Do a little homework on this before you type in the credit card number. It's possible to build a 100 mm fork that can't be extended. I don't know if a RockShox fork that comes out of the box as a 100 mm fork is really a 100 mm fork, or a 120 mm fork with a travel reducing spacer.

A while ago, Specialized released some women's bikes that had less travel in the smallest sizes. I haven't heard of anyone else doing it.


----------



## hOlykamOtie* (Apr 20, 2012)

I have the 2012 version of Rockshox Recon TK Solo Air and is adjustable from 80mm to 120mm by adjusting the PSI you put. I also have the Recon R which is similar to TK Coil except it doesn't have a lockout and it's set to 100mm and can't be adjusted externally. I am not sure if you can adjust it internally. Both are 1 1/8" QR 9mm

Hope that helps!


----------



## Zuarte (Nov 21, 2010)

hOlykamOtie* said:


> I have the 2012 version of Rockshox Recon TK Solo Air and is adjustable from 80mm to 120mm by adjusting the PSI you put. I also have the Recon R which is similar to TK Coil except it doesn't have a lockout and it's set to 100mm and can't be adjusted externally. I am not sure if you can adjust it internally. Both are 1 1/8" QR 9mm
> 
> Hope that helps!


Your first sentence about the travel vs psi is confusing me.

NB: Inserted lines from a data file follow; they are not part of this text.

lemma sparse_hub_chain_card_le:
  assumes "2 < K" "S \<subseteq> {..<N}" "k_sparse (hub_chain K) (K - 1) S" "1 \<le> N"
  shows "card S + (N - 1) div K \<le> N"
proof -
  define D where "D = {..<N} - S"
  define q where "q = (N - 1) div K"
  have "finite D" unfolding D_def by simp
  have "q * K \<le> N - 1" unfolding q_def by (simp add: div_times_less_eq_dividend)
  have "q \<le> card D"
  proof (cases "q * K + 2 \<le> N")
    case True
    have "2 * q \<le> 2 * card (D \<inter> {0..<q * K}) + card (D \<inter> {q * K..<q * K + 2})"
      unfolding D_def by (rule sparse_hub_chain_prefix[OF assms(1-3) True])
    moreover have "card (D \<inter> {0..<q * K}) + card (D \<inter> {q * K..<q * K + 2}) \<le> card D"
      using card_Int_atLeastLessThan_split[OF \<open>finite D\<close>, of 0 "q * K" "q * K + 2"]
        card_mono[OF \<open>finite D\<close>, of "D \<inter> {0..<q * K + 2}"] by simp
    ultimately show ?thesis by linarith
  next
    case False
    then have "N = q * K + 1" using \<open>q * K \<le> N - 1\<close> assms(4) by simp
    then show ?thesis
      using sparse_hub_chain_last_block[OF assms(1-3)] unfolding D_def by (cases q) auto
  qed
  moreover have "card D = N - card S" unfolding D_def using assms(2) by (simp add: card_Diff_subset finite_subset)
  moreover have "card S \<le> N" using card_mono[OF finite_lessThan assms(2)] by simp
  ultimately show ?thesis unfolding q_def by linarith
qed

lemma hub_chain_on_sparse_card_le:
  assumes "2 \<le> k" "S \<subseteq> {..<n}" "k_sparse (hub_chain_on (k + 1) n) k S" "n \<le> N" "1 \<le> N"
  shows "card S + (N - 1) div (k + 1) \<le> N"
proof (rule sparse_hub_chain_card_le)
  have "{u \<in> S. hub_chain_on (k + 1) n v u} = {u \<in> S. hub_chain (k + 1) v u}" if "v \<in> S" for v
    using assms(2) that unfolding hub_chain_on_def by auto
  then show "k_sparse (hub_chain (k + 1)) (k + 1 - 1) S"
    using assms(3) unfolding k_sparse_def by simp
qed (use assms in auto)

section \<open>The Ramsey number of cacti\<close>

definition cactus_ramsey :: "nat \<Rightarrow> nat \<Rightarrow> nat \<Rightarrow> nat \<Rightarrow> bool" where
  "cactus_ramsey k i j n \<longleftrightarrow> (\<forall>E. simple_graph {..<n} E \<and> cactus {..<n} E \<longrightarrow>
     (\<exists>S\<subseteq>{..<n}. card S = i \<and> k_dense E k S) \<or> (\<exists>S\<subseteq>{..<n}. card S = j \<and> k_sparse E k S))"

lemma ramsey_class_cactus_ramsey: "ramsey_class cactus k i j = (LEAST n. cactus_ramsey k i j n)"
  unfolding ramsey_class_def cactus_ramsey_def ..

lemma cactus_ramsey_if_large:
  assumes "2 \<le> k" "j + (n - 1) div (k + 1) \<le> n"
  shows "cactus_ramsey k i j n"
  unfolding cactus_ramsey_def using cactus_k_sparse_subset[OF _ assms] by blast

Recons, as far as I know, don't have travel adjust like the Revelations, and even then it's by a switch, not based on air pressure. It sounds like your fork is already set at 120 and sagging to 80mm when it's low air. If you were to lift up the front of the bike when it's at 80, does the fork extend some more?


----------



## willgreg21 (Oct 15, 2007)

Thanks again folks,

Today I purchased a XC32 Solo Air. The seller has confirmed his fork can be converted to 120mm by removing a spacer and he is doing the conversion before shipment. Travel should increase to 120mm and Axle to Crown length should increase about 20mm. Thanks again for your help, Will


----------